PIDA applies to Manitoba’s five public health authorities and by extension to the institutions, like hospitals and long term care facilities, which operate under their authority. This means that all personnel in such institutions, except for doctors providing contracted services, usually qualify for protection under the whistleblower protection regime.

A provision within PIDA allows for the designation by regulation of other bodies to fall within the scope of the law. A long list of health institutions have been designated under the law, but many doctors are unlikely to know these details.

There can also be uncertainty about what types of wrongdoing justify good faith disclosure which qualifies for protection against reprisals.
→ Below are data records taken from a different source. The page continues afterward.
lemma synd_eps_scrambled_image:
  fixes p :: "'a::metric_space \<Rightarrow> 'b::metric_space"
  assumes "uniformly_continuous_on UNIV p" and "p \<circ> f = g \<circ> p"
    and "synd_scrambled f S" and "\<epsilon> > 0"
    and sep: "\<forall>x1\<in>S. \<forall>x2\<in>S. x1 \<noteq> x2 \<longrightarrow> freq_separated g \<epsilon> (p x1) (p x2)"
  shows "synd_eps_scrambled g \<epsilon> (p ` S)"
proof -
  have inj: "inj_on p S"
    using assms(4) sep by (rule inj_on_if_freq_separated)
  have pair: "(p x1, p x2) \<in> SProx g - Asy g \<and>
      ereal \<epsilon> \<le> limsup (\<lambda>n. ereal (dist ((g ^^ n) (p x1)) ((g ^^ n) (p x2))))"
    if "x1 \<in> S" "x2 \<in> S" "x1 \<noteq> x2" for x1 x2
  proof -
    have "(x1, x2) \<in> SProx f"
      using assms(3) that unfolding synd_scrambled_def by blast
    then have "(p x1, p x2) \<in> SProx g"
      by (rule SProx_image[OF assms(1,2)])
    moreover have "freq_separated g \<epsilon> (p x1) (p x2)"
      using sep that by blast
    ultimately show ?thesis
      using freq_separated_not_Asy freq_separated_limsup assms(4) by blast
  qed
  obtain x y where "x \<in> S" "y \<in> S" "x \<noteq> y"
    using assms(3) unfolding synd_scrambled_def by blast
  then have "p x \<noteq> p y"
    using inj inj_on_contraD by metis
  with \<open>x \<in> S\<close> \<open>y \<in> S\<close> pair show ?thesis
    unfolding synd_eps_scrambled_def synd_scrambled_def by blast
qed

lemma dense_image:
  assumes "continuous_on UNIV p" and "surj p" and "closure S = UNIV"
  shows "closure (p ` S) = UNIV"
proof -
  have "p ` closure S \<subseteq> closure (p ` S)"
    by (rule image_closure_subset[OF continuous_on_subset[OF assms(1)]])
       (simp_all add: closure_subset)
  then show ?thesis using assms(2,3) by auto
qed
In the public mind, whistleblowing is usually associated with illegal actions like fraud or gross mismanagement involving public money.

However, there is a provision in the PIDA definition of wrongdoing which potentially applies to health care: “an act or omission that creates a substantial and specific danger to the life, health or safety of persons.” Another provision of PIDA provides protection to whistleblowers who disclose, even to external bodies like the media, substantial, imminent threats to public health and safety.
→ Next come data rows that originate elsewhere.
lemma measurable_selected_sample_fixed[measurable]: "(\<lambda>z. selected_sample n z u) \<in> ZS \<rightarrow>\<^sub>M SS"
  unfolding selected_sample_def supersample_space_def
  by (rule measurable_restrict) auto

lemma measurable_supersample_coord:
  "i < n \<Longrightarrow> g \<in> M \<rightarrow>\<^sub>M ZS \<Longrightarrow> (\<lambda>x. g x (i, b)) \<in> M \<rightarrow>\<^sub>M \<mu>"
  unfolding supersample_space_def
  by (erule measurable_compose[OF _ measurable_component_singleton]) simp

lemma measurable_selector_coord:
  "i < n \<Longrightarrow> g \<in> M \<rightarrow>\<^sub>M US \<Longrightarrow> (\<lambda>x. g x i) \<in> M \<rightarrow>\<^sub>M count_space UNIV"
  unfolding selector_space_def
  by (erule measurable_compose) (rule measurable_compose[OF measurable_component_singleton]; simp)

lemma measurable_loss_comp[measurable (raw)]:
  "g \<in> M \<rightarrow>\<^sub>M Wsp \<Longrightarrow> h \<in> M \<rightarrow>\<^sub>M \<mu> \<Longrightarrow> (\<lambda>x. zo_loss f (g x) (h x)) \<in> M \<rightarrow>\<^sub>M count_space UNIV"
  using measurable_compose[OF measurable_Pair measurable_loss] by simp

lemma prob_space_ZS: "prob_space ZS"
  unfolding supersample_space_def by (intro prob_space_PiM prob_space_\<mu>)

lemma prob_space_US: "prob_space US"
  unfolding selector_space_def by (intro prob_space_PiM prob_space_measure_pmf)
PIDA intersects with multiple other laws, regulation, codes of professional conduct and administrative policies within the health-care system, which means that doctors must figure out in complicated situations which rules take precedence.

Violations of health and safety codes and ongoing use of faulty medical devices would be examples of wrongdoing under PIDA. Concerns over the quality of care provided to an individual patient or a single preventable error during care would be raised as concerns with the appropriate authorities but would not be reportable under PIDA.
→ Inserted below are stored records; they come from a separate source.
(* Let $\mathcal R$ be a species of tree on $T_0=\{1,\dots,n\}$ and $A=\sum_{T\in\mathcal R}\lambda(T)A(T)$ with $\lambda(T)\in\mathbf Q$. Then $A$ is diagonalizable and its eigenvalues are $0$ and the numbers $$\sum_{T\in\mathcal R,\ T\supset T_1}\lambda(T)\,n(T),\qquad T_1\in\mathcal R.$$
   Context: A species of tree is a family $\mathcal R$ of subsets of $T_0$ containing $T_0$, each of cardinality $\ge 2$, any two of which are either disjoint or nested. $n(T)$ is the cardinality of $T$. For $T$ with $n(T)\ge2$, $A(T)=(\alpha_{i,j})$ is the $n\times n$ matrix with $\alpha_{i,j}=-1$ if $i\ne j$, $\{i,j\}\subset T$, $\alpha_{i,i}=n(T)-1$ if $i\in T$, and $0$ otherwise. *)

theory Defs
  imports "Jordan_Normal_Form.Char_Poly"
begin

text \<open>Species of tree on T0 = {0..<n} (0-based indices, matching JNF matrix indexing).\<close>
definition species_of_tree :: "nat \<Rightarrow> nat set set \<Rightarrow> bool" where
  "species_of_tree n R \<longleftrightarrow> {0..<n} \<in> R \<and>
     (\<forall>T\<in>R. T \<subseteq> {0..<n} \<and> card T \<ge> 2) \<and>
     (\<forall>S\<in>R. \<forall>T\<in>R. S \<inter> T = {} \<or> S \<subseteq> T \<or> T \<subseteq> S)"

definition tree_mat :: "nat \<Rightarrow> nat set \<Rightarrow> rat mat" where
  "tree_mat n T = mat n n (\<lambda>(i,j).
     if i \<in> T \<and> j \<in> T then (if i = j then of_nat (card T) - 1 else -1) else 0)"

definition species_mat :: "nat \<Rightarrow> nat set set \<Rightarrow> (nat set \<Rightarrow> rat) \<Rightarrow> rat mat" where
  "species_mat n R lam = mat n n (\<lambda>ij. \<Sum>T\<in>R. lam T * tree_mat n T $$ ij)"

definition diagonalizable_mat :: "'a :: semiring_1 mat \<Rightarrow> bool" where
  "diagonalizable_mat A \<longleftrightarrow> (\<exists>D. diagonal_mat D \<and> similar_mat A D)"

end

(*
  Every vector f supported on a member T1 of the species, summing to zero, and constant on each
  smaller member inside T1, is an eigenvector of A with eigenvalue the sum of lam T * card T over
  the members T containing T1: by laminarity a member either contains T1, and then A(T) multiplies
  f by card T, or f is constant on it, and then A(T) kills f.  Constant vectors are killed by A.

  For 0 < i < n let T(i) be the least member containing i and some smaller index.  The maximal
  proper submembers of T(i), together with the singletons they miss, cut T(i) into blocks; let B
  be the block of i and L the union of the blocks containing an index below i.  The vector equal
  to card B on L and to - card L on B is of the above kind for T1 = T(i).  With the constant
  vector this gives n pairwise orthogonal eigenvectors (of two of them, either the supports lie in
  disjoint members, or one is constant on the support of the other), and every member of the
  species arises as some T(i).
*)
theory Submission
  imports Defs
begin

section \<open>Diagonalisation by an orthogonal eigenbasis\<close>

lemma eigenvalue_similar_diagonal_iff:
  fixes A D :: "'a :: field mat"
  assumes sim: "similar_mat A D" and diag: "diagonal_mat D" and D: "D \<in> carrier_mat n n"
  shows "eigenvalue A k \<longleftrightarrow> (\<exists>i<n. D $$ (i,i) = k)"
proof -
  have A: "A \<in> carrier_mat n n" using similar_matD[OF sim] D by auto
  have "upper_triangular D" using diag D unfolding diagonal_mat_def upper_triangular_def by auto
  then have "char_poly D = (\<Prod>a \<leftarrow> diag_mat D. [:- a, 1:])"
    by (rule char_poly_upper_triangular[OF D])
  moreover have "eigenvalue A k \<longleftrightarrow> poly (char_poly D) k = 0"
    using eigenvalue_root_char_poly[OF A] char_poly_similar[OF sim] by simp
  ultimately show ?thesis
    using D by (auto simp: poly_prod_list prod_list_zero_iff diag_mat_def)
qed

lemma similar_diagonal_if_orthogonal_eigenbasis:
  fixes A :: "'a :: field mat" and v :: "nat \<Rightarrow> 'a vec" and c :: "nat \<Rightarrow> 'a"
  assumes A: "A \<in> carrier_mat n n"
    and v: "\<And>i. i < n \<Longrightarrow> v i \<in> carrier_vec n"
    and eigen: "\<And>i. i < n \<Longrightarrow> A *\<^sub>v v i = c i \<cdot>\<^sub>v v i"
    and orth: "\<And>i j. i < n \<Longrightarrow> j < n \<Longrightarrow> i \<noteq> j \<Longrightarrow> v i \<bullet> v j = 0"
    and nondeg: "\<And>i. i < n \<Longrightarrow> v i \<bullet> v i \<noteq> 0"
  shows "similar_mat A (mat n n (\<lambda>(i,j). if i = j then c i else 0))"
proof -
  define D where "D = mat n n (\<lambda>(i,j). if i = j then c i else 0)"
  define P where "P = mat n n (\<lambda>(x,i). v i $ x)"
  \<comment> \<open>by orthogonality, the transpose of \<open>P\<close> with rescaled rows is its inverse\<close>
  define Q where "Q = mat n n (\<lambda>(i,x). v i $ x / (v i \<bullet> v i))"
  have carr: "{A, D, P, Q} \<subseteq> carrier_mat n n" using A unfolding D_def P_def Q_def by auto
  have QP: "Q * P = 1\<^sub>m n"
  proof (rule eq_matI)
    fix i j assume "i < dim_row (1\<^sub>m n)" "j < dim_col (1\<^sub>m n)"
    then have ij: "i < n" "j < n" by auto
    have "(Q * P) $$ (i,j) = (v i \<bullet> v j) / (v i \<bullet> v i)"
      using ij v[of j] unfolding P_def Q_def by (simp add: scalar_prod_def sum_divide_distrib)
    also have "\<dots> = 1\<^sub>m n $$ (i,j)" using ij orth nondeg by auto
    finally show "(Q * P) $$ (i,j) = 1\<^sub>m n $$ (i,j)" .
  qed (use carr in auto)
  then have PQ: "P * Q = 1\<^sub>m n" using mat_mult_left_right_inverse carr by blast
  have AP: "A * P = P * D"
  proof (rule eq_matI)
    fix x i assume "x < dim_row (P * D)" "i < dim_col (P * D)"
    then have xi: "x < n" "i < n" using carr by auto
    have "(A * P) $$ (x,i) = (A *\<^sub>v v i) $ x"
      using xi A v[OF xi(2)] unfolding P_def by (auto simp: mult_mat_vec_def scalar_prod_def)
    also have "\<dots> = (\<Sum>k\<in>{0..<n}. v k $ x * (if k = i then c i else 0))"
      using xi eigen v[OF xi(2)] by (simp add: if_distrib sum.delta mult.commute cong: if_cong)
    also have "\<dots> = (P * D) $$ (x,i)"
      using xi unfolding P_def D_def by (auto simp: scalar_prod_def intro!: sum.cong)
    finally show "(A * P) $$ (x,i) = (P * D) $$ (x,i)" .
  qed (use carr in auto)
  have "A = P * D * Q"
  proof -
    have "A = A * (P * Q)" using A PQ by simp
    also have "\<dots> = P * D * Q" using carr AP by (simp add: assoc_mult_mat[symmetric, of A n n P n Q n])
    finally show ?thesis .
  qed
  then show ?thesis unfolding D_def[symmetric] using similar_matI[OF carr PQ QP] by blast
qed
The wording of PIDA creates an onus on whistleblowers to first raise their concerns internally. Unlike leaks which involve the unauthorized disclosure of sensitive information which can lead to sanctions, whistleblowing requires adherence to prescribed procedures in order to qualify for protection against reprisals.

Under PIDA, reprisal can involve actual or threatened actions such as disciplinary measures, demotion, termination or “any measure that adversely affects” the employment or working conditions of an employee. Based on the 2018 amendments to PIDA, reprisal complaints now go to the Ombudsman rather than the Labour Board, a change meant to provide greater protection of the identity of the whistleblower.

Salaried doctors working in institutions would have more protection than doctors providing services on a contract basis. The latter category of doctors are very much in the majority and they could be vulnerable in such ways as the loss of admitting privileges to hospitals, access to operating theatres, non-renewal of contracts for work in a long-term care facilities, or ongoing access to facilities and equipment for research.

The main difficulty with achieving protection in practice lies in showing that the detrimental impacts are linked to the disclosure. Legally, it must be proven that a disclosure directly resulted in a reprisal. In many cases, this will be unclear. Raising a matter of wrongdoing and securing redress from retaliation can be both distracting and time consuming, two conditions doctors should ideally avoid.

Pressures are building in Canada and elsewhere to bring doctors more explicitly within the scope of whistleblower protection laws. Inquiries into health tragedies have recommended strengthened laws, as have national and provincial medical associations.

Laws are important but even more valuable would be professional and institutional health-care cultures which value and create safe spaces for speaking up. Educational materials on PIDA provided to doctors in general and legal support to those contemplating disclosures should be features supporting that culture.

Paul G. Thomas is professor emeritus of political studies at the University of Manitoba.